133 Avenue C., nr. 8th St.; no phone
Alphabet City fixture Baraza has been transformed into a soft-spoken hideaway with Minetta Tavern–style venetian blinds in the window. As it so happens, the man behind the bar, Greg Seider, helped create Minetta’s much-lauded drink list, and before that he made drinks for Mercer Kitchen, the Box, and Lot 61.
109 Ludlow St., nr. Delancey St.; 212-228-8383
A taquería and taquilería from the crew responsible for Spitzer’s Corner, just down the block, Loz Feliz is a multilevel lounge with notable food: a minimalist menu of tacos, quesadillas, and seviches prepared by Chef Julieta Ballesteros of Crema. There are also more than 50 premium tequilas available for sipping and a variety of cocktails; the hibiscus margarita, in particular, is not to be missed.
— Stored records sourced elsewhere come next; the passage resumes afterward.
section \<open>A run of the algorithm\<close>

locale prox_sqp_run =
  fixes f :: "real^'n \<Rightarrow> real" and g :: "real^'n \<Rightarrow> real^'n"
    and c :: "real^'n \<Rightarrow> real^'m" and J :: "real^'n \<Rightarrow> real^'n^'m"
    and r :: "real^'n \<Rightarrow> real"
    and \<kappa>v \<sigma>c \<epsilon>\<tau> \<xi> \<eta> \<sigma>u \<tau>init \<sigma>min :: real
    and x v u s :: "nat \<Rightarrow> real^'n" and \<alpha> \<tau> :: "nat \<Rightarrow> real"
    and X :: "(real^'n) set"
    and f_low G R C JB Lg LJ :: real
  assumes f_deriv: "\<And>z. (f has_derivative (\<lambda>h. g z \<bullet> h)) (at z)"
    and g_cont: "continuous_on UNIV g"
    and c_deriv: "\<And>z. (c has_derivative (\<lambda>h. J z *v h)) (at z)"
    and J_cont: "continuous_on UNIV J"
    and r_convex: "convex_on UNIV r"
    and r_nonneg: "\<And>z. r z \<ge> 0"
    and \<kappa>v_pos: "\<kappa>v > 0"
    and \<sigma>c: "0 < \<sigma>c" "\<sigma>c < 1"
    and \<epsilon>\<tau>: "0 < \<epsilon>\<tau>" "\<epsilon>\<tau> < 1"
    and \<xi>: "0 < \<xi>" "\<xi> < 1"
    and \<eta>: "0 < \<eta>" "\<eta> < 1"
    and \<sigma>u: "0 < \<sigma>u" "\<sigma>u \<le> 1/2"
    and \<alpha>0: "\<alpha> 0 > 0"
    and \<tau>init: "\<tau>init > 0"
    and v_range: "\<And>k. \<exists>w. v k = transpose (J (x k)) *v w"
    and v_norm: "\<And>k. norm (v k) \<le> \<kappa>v * \<alpha> k * norm (transpose (J (x k)) *v c (x k))"
    and v_decrease: "\<And>k \<beta>. 0 \<le> \<beta> \<Longrightarrow> \<beta> \<le> \<kappa>v * \<alpha> k \<Longrightarrow>
        norm (c (x k) + J (x k) *v v k) \<le> norm (c (x k) - \<beta> *\<^sub>R (J (x k) *v (transpose (J (x k)) *v c (x k))))"
    and stationary_feasible: "\<And>k. transpose (J (x k)) *v c (x k) = 0 \<Longrightarrow> c (x k) = 0"
    and tangential_step: "\<And>k. J (x k) *v u k = 0
      \<and> (\<forall>w. J (x k) *v w = 0 \<longrightarrow>
            g (x k) \<bullet> u k + norm (u k) ^ 2 / (2 * \<alpha> k) + r (x k + v k + u k)
          \<le> g (x k) \<bullet> w + norm w ^ 2 / (2 * \<alpha> k) + r (x k + v k + w))"
    and s_def: "\<And>k. s k = v k + u k"
    and tau_update: "\<And>k. (let \<tau>prev = (if k = 0 then \<tau>init else \<tau> (k - 1));
                        D = g (x k) \<bullet> s k + (\<sigma>u + 1/2) * norm (s k) ^ 2 / \<alpha> k
                            + r (x k + s k) - r (x k);
                        t = (1 - \<sigma>c) * (norm (c (x k)) - norm (c (x k) + J (x k) *v v k)) / D
                    in \<tau> k = (if D \<le> 0 \<or> \<tau>prev \<le> t then \<tau>prev
                              else min ((1 - \<epsilon>\<tau>) * \<tau>prev) t))"
    and step_acceptance: "\<And>k. (if merit f r c (\<tau> k) (x k + s k)
                           \<le> merit f r c (\<tau> k) (x k) - \<eta> * dq r c (x k) (g (x k)) (J (x k)) (\<alpha> k) (s k) (\<tau> k)
                      then x (Suc k) = x k + s k \<and> \<alpha> (Suc k) = \<alpha> k
                      else x (Suc k) = x k \<and> \<alpha> (Suc k) = \<xi> * \<alpha> k)"
    and X_convex: "convex X"
    and X_iter: "\<And>k. x k \<in> X \<and> x k + s k \<in> X"
    and f_lower: "\<And>z. z \<in> X \<Longrightarrow> f_low \<le> f z"
    and g_bound: "\<And>z. z \<in> X \<Longrightarrow> norm (g z) \<le> G"
    and subgrad_bound: "\<And>z gr. z \<in> X \<Longrightarrow> gr \<in> subdiff r z \<Longrightarrow> norm gr \<le> R"
    and c_bound: "\<And>z. z \<in> X \<Longrightarrow> norm (c z) \<le> C"
    and J_bound: "\<And>z. z \<in> X \<Longrightarrow> norm (J z) \<le> JB"
    and g_lipschitz: "Lg-lipschitz_on X g"
    and J_lipschitz: "LJ-lipschitz_on X J"
    and \<sigma>min_pos: "\<sigma>min > 0"
    and \<sigma>min_bd: "\<And>k. sigma_min_sv (J (x k)) \<ge> \<sigma>min"
begin
(* Let $G$ be a connected semisimple real algebraic group and $\theta\subset\Pi$ non-empty with $\theta=\mathrm i(\theta)$. Let $\mathcal D$ be a $\theta$-admissible cone of $\mathfrak a^+$. Then for any open cone $\mathcal C_0$ in $\mathfrak a^+$ containing $\mathcal D-\{0\}$, there exists a $\theta$-admissible closed cone $\mathcal C$ such that $\mathcal D-\{0\}\subset\operatorname{int}\mathcal C\subset\mathcal C\subset\mathcal C_0\cup\{0\}$.
   Context: $\mathfrak a$ is the Lie algebra of a maximal real split torus, $\mathfrak a^+$ a closed positive Weyl chamber, $\Pi$ the simple roots, $\mathcal W$ the Weyl group acting on $\mathfrak a$ by Ad, $\mathrm i(v)=-\mathrm{Ad}_{w_0}v$ the opposition involution ($w_0$ longest element), acting on $\Pi$ by $\mathrm i(\alpha)=\alpha\circ\mathrm i$. $\mathcal W_\theta$ is the subgroup of $\mathcal W$ fixing $\mathfrak a_\theta=\bigcap_{\alpha\in\Pi-\theta}\ker\alpha$ pointwise. For $\theta=\mathrm i(\theta)$, a closed cone $\mathcal C\subset\mathfrak a^+$ is $\theta$-admissible if (1) $\mathrm i(\mathcal C)=\mathcal C$, (2) $\mathcal W_\theta\mathcal C$ is convex, (3) $\mathcal C\cap\bigcup_{\alpha\in\theta}\ker\alpha=\{0\}$. An open cone in $\mathfrak a^+$ is a relatively open subset of $\mathfrak a^+$ invariant under positive scaling. *)

theory Defs
  imports "HOL-Analysis.Analysis"
begin

text \<open>The statement only depends on the restricted root system of G, realised in
  the Euclidean space 'a (= Lie algebra of a maximal split torus, with the Killing
  form inner product). Roots/functionals alpha are represented by vectors, alpha(v) = alpha \<bullet> v.\<close>

definition refl :: "'a::euclidean_space \<Rightarrow> 'a \<Rightarrow> 'a" where
  "refl \<alpha> v = v - (2 * (\<alpha> \<bullet> v) / (\<alpha> \<bullet> \<alpha>)) *\<^sub>R \<alpha>"

text \<open>A (possibly non-reduced) crystallographic root system spanning 'a
  (semisimplicity: the roots span the split Cartan subspace).\<close>
definition root_system :: "'a::euclidean_space set \<Rightarrow> bool" where
  "root_system R \<longleftrightarrow> finite R \<and> 0 \<notin> R \<and> span R = UNIV \<and>
     (\<forall>\<alpha>\<in>R. \<forall>\<beta>\<in>R. refl \<alpha> \<beta> \<in> R) \<and>
     (\<forall>\<alpha>\<in>R. \<forall>\<beta>\<in>R. 2 * (\<alpha> \<bullet> \<beta>) / (\<alpha> \<bullet> \<alpha>) \<in> \<int>)"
361 Metropolitan Ave., Williamsburg, Brooklyn; 718-384-7112
The much-traveled music venue’s latest home is in Williamsburg, specifically in the old Luna Lounge space. The show room is much smaller than the Tribeca location, but the organizers have managed to carry over some of that space’s idiosyncratic, intimate charm. The nightly bills are KF’s same combination of small-stakes indie rock, underground hip-hop, and oddball one-off events (Hannukah Gone Metal, the Miss Lez Pageant).
210 Prospect Park W., Windsor Terrace, Brooklyn; 347-725-3479
Much to the delight of Windsor Terrace residents, this long-awaited bar from the owners of Cake Shop and Egg has finally opened. (Take that, Park Slope!) The cozy wooden space is a haven for beer lovers: There’s a solid selection of $5 to $6 microbrews on tap (including Sixpoint Bengali Tiger IPA and the hard-to-find Atwater Vanilla Java Porter), as well as over 40 local and imported bottled and canned beers.
769 Washington Ave., Prospect Heights, Brooklyn; 917-349-8922
Tracy Westmoreland’s the Manhattans, an attempt to rebirth the notoriously dingy Hell’s Kitchen dive Siberia in Brooklyn, lasted less than six months on Washington Ave. In its place came Prospect Pond, a marked effort to do away with the Manhattans’ standoffishness; instead of newspapers blotting out the window, there are standard neon beer signs beckoning entrance into the narrow space. Everything else has been cleaned up, as well, in an attempt to lure the neighborhood crowd that never flocked to Westmoreland’s joint.